WHAT TO WORK ON:
Could you print all of the data below again, exactly?

MATERIAL FOR THE TASK:
______________________________

lemma orth_proj_set_nonempty:
  fixes K :: "'a::euclidean_space set"
  assumes "subspace L" "K \<noteq> {}"
  shows "orth_proj_set K L \<noteq> {}"
proof -
  obtain k where k: "k \<in> K" using assms by auto
  obtain y z where "y \<in> L" "z \<in> orthogonal_comp L" "k = y + z"
    using orthogonal_decomposition_subspace[OF assms(1)] by metis
  then show ?thesis using k orth_proj_set_memI[of y L k K] by auto
qed

lemma orth_proj_set_subset_cball:
  fixes K :: "'a::euclidean_space set"
  assumes "K \<subseteq> cball 0 M"
  shows "orth_proj_set K L \<subseteq> cball 0 M"
proof
  fix y assume "y \<in> orth_proj_set K L"
  then obtain k where y: "y \<in> L" "k \<in> K" "k - y \<in> orthogonal_comp L"
    by (auto simp: orth_proj_set_def)
  then have "norm y \<le> norm k"
    using norm_le_norm_add_orthogonal_comp[of y L "k - y"] by simp
  then show "y \<in> cball 0 M" using y assms by auto
qed

lemma inradius_radius_le_diameter:
  fixes C :: "'a::euclidean_space set"
  assumes "C \<subseteq> cball 0 M" "subspace L" "L \<noteq> {0}"
    and x: "x \<in> (+) a ` L" and ball: "cball x r \<inter> (+) a ` L \<subseteq> C" and "0 \<le> r"
  shows "r \<le> 2 * M"
proof -
  obtain v where v: "v \<in> L" "v \<noteq> 0" using assms(2,3) subspace_0 by blast
  define e where "e = v /\<^sub>R norm v"
  have e: "e \<in> L" "norm e = 1" using v assms(2) by (simp_all add: e_def subspace_scale)
  obtain l where l: "l \<in> L" "x = a + l" using x by auto
  have "x + r *\<^sub>R e = a + (l + r *\<^sub>R e)" using l by (simp add: algebra_simps)
  then have "x + r *\<^sub>R e \<in> (+) a ` L" using l e assms(2) by (auto simp: subspace_add subspace_scale)
  then have "x + r *\<^sub>R e \<in> C" "x \<in> C" using ball x e \<open>0 \<le> r\<close> by (auto simp: dist_norm)
  then have "norm (x + r *\<^sub>R e) \<le> M" "norm x \<le> M" using assms(1) by auto
  moreover have "norm (r *\<^sub>R e) \<le> norm (x + r *\<^sub>R e) + norm x"
    using norm_triangle_ineq4[of "x + r *\<^sub>R e" x] by simp
  ultimately show ?thesis using e \<open>0 \<le> r\<close> by simp
qed

lemma inradius_in_le:
  assumes "x0 \<in> C \<inter> A"
    and "\<And>r x. 0 \<le> r \<Longrightarrow> x \<in> A \<Longrightarrow> cball x r \<inter> A \<subseteq> C \<Longrightarrow> r \<le> s"
  shows "inradius_in C A \<le> s"
  unfolding inradius_in_def
proof (rule cSup_least)
  show "{r. 0 \<le> r \<and> (\<exists>x\<in>A. cball x r \<inter> A \<subseteq> C)} \<noteq> {}"
    using assms(1) by (auto intro!: exI[of _ 0] bexI[of _ x0])
qed (use assms(2) in blast)

lemma inradius_in_le_diameter:
  fixes C :: "'a::euclidean_space set"
  assumes "C \<subseteq> cball 0 M" "subspace L" "L \<noteq> {0}" "C \<inter> (+) a ` L \<noteq> {}"
  shows "inradius_in C ((+) a ` L) \<le> 2 * M"
  using assms inradius_radius_le_diameter[OF assms(1-3)]
  by (metis equals0I inradius_in_le)

lemma inradius_in_ge:
  fixes C :: "'a::euclidean_space set"
  assumes "C \<subseteq> cball 0 M" "subspace L" "L \<noteq> {0}"
    and "x \<in> (+) a ` L" "cball x r \<inter> (+) a ` L \<subseteq> C" "0 \<le> r"
  shows "r \<le> inradius_in C ((+) a ` L)"
  unfolding inradius_in_def
proof (rule cSup_upper)
  show "bdd_above {r. 0 \<le> r \<and> (\<exists>x\<in>(+) a ` L. cball x r \<inter> (+) a ` L \<subseteq> C)}"
    using inradius_radius_le_diameter[OF assms(1-3)] by (intro bdd_aboveI[of _ "2 * M"]) blast
qed (use assms(4-6) in blast)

______________________________

EXERCISE RESULT:
lemma orth_proj_set_nonempty:
  fixes K :: "'a::euclidean_space set"
  assumes "subspace L" "K \<noteq> {}"
  shows "orth_proj_set K L \<noteq> {}"
proof -
  obtain k where k: "k \<in> K" using assms by auto
  obtain y z where "y \<in> L" "z \<in> orthogonal_comp L" "k = y + z"
    using orthogonal_decomposition_subspace[OF assms(1)] by metis
  then show ?thesis using k orth_proj_set_memI[of y L k K] by auto
qed

lemma orth_proj_set_subset_cball:
  fixes K :: "'a::euclidean_space set"
  assumes "K \<subseteq> cball 0 M"
  shows "orth_proj_set K L \<subseteq> cball 0 M"
proof
  fix y assume "y \<in> orth_proj_set K L"
  then obtain k where y: "y \<in> L" "k \<in> K" "k - y \<in> orthogonal_comp L"
    by (auto simp: orth_proj_set_def)
  then have "norm y \<le> norm k"
    using norm_le_norm_add_orthogonal_comp[of y L "k - y"] by simp
  then show "y \<in> cball 0 M" using y assms by auto
qed

lemma inradius_radius_le_diameter:
  fixes C :: "'a::euclidean_space set"
  assumes "C \<subseteq> cball 0 M" "subspace L" "L \<noteq> {0}"
    and x: "x \<in> (+) a ` L" and ball: "cball x r \<inter> (+) a ` L \<subseteq> C" and "0 \<le> r"
  shows "r \<le> 2 * M"
proof -
  obtain v where v: "v \<in> L" "v \<noteq> 0" using assms(2,3) subspace_0 by blast
  define e where "e = v /\<^sub>R norm v"
  have e: "e \<in> L" "norm e = 1" using v assms(2) by (simp_all add: e_def subspace_scale)
  obtain l where l: "l \<in> L" "x = a + l" using x by auto
  have "x + r *\<^sub>R e = a + (l + r *\<^sub>R e)" using l by (simp add: algebra_simps)
  then have "x + r *\<^sub>R e \<in> (+) a ` L" using l e assms(2) by (auto simp: subspace_add subspace_scale)
  then have "x + r *\<^sub>R e \<in> C" "x \<in> C" using ball x e \<open>0 \<le> r\<close> by (auto simp: dist_norm)
  then have "norm (x + r *\<^sub>R e) \<le> M" "norm x \<le> M" using assms(1) by auto
  moreover have "norm (r *\<^sub>R e) \<le> norm (x + r *\<^sub>R e) + norm x"
    using norm_triangle_ineq4[of "x + r *\<^sub>R e" x] by simp
  ultimately show ?thesis using e \<open>0 \<le> r\<close> by simp
qed

lemma inradius_in_le:
  assumes "x0 \<in> C \<inter> A"
    and "\<And>r x. 0 \<le> r \<Longrightarrow> x \<in> A \<Longrightarrow> cball x r \<inter> A \<subseteq> C \<Longrightarrow> r \<le> s"
  shows "inradius_in C A \<le> s"
  unfolding inradius_in_def
proof (rule cSup_least)
  show "{r. 0 \<le> r \<and> (\<exists>x\<in>A. cball x r \<inter> A \<subseteq> C)} \<noteq> {}"
    using assms(1) by (auto intro!: exI[of _ 0] bexI[of _ x0])
qed (use assms(2) in blast)

lemma inradius_in_le_diameter:
  fixes C :: "'a::euclidean_space set"
  assumes "C \<subseteq> cball 0 M" "subspace L" "L \<noteq> {0}" "C \<inter> (+) a ` L \<noteq> {}"
  shows "inradius_in C ((+) a ` L) \<le> 2 * M"
  using assms inradius_radius_le_diameter[OF assms(1-3)]
  by (metis equals0I inradius_in_le)

lemma inradius_in_ge:
  fixes C :: "'a::euclidean_space set"
  assumes "C \<subseteq> cball 0 M" "subspace L" "L \<noteq> {0}"
    and "x \<in> (+) a ` L" "cball x r \<inter> (+) a ` L \<subseteq> C" "0 \<le> r"
  shows "r \<le> inradius_in C ((+) a ` L)"
  unfolding inradius_in_def
proof (rule cSup_upper)
  show "bdd_above {r. 0 \<le> r \<and> (\<exists>x\<in>(+) a ` L. cball x r \<inter> (+) a ` L \<subseteq> C)}"
    using inradius_radius_le_diameter[OF assms(1-3)] by (intro bdd_aboveI[of _ "2 * M"]) blast
qed (use assms(4-6) in blast)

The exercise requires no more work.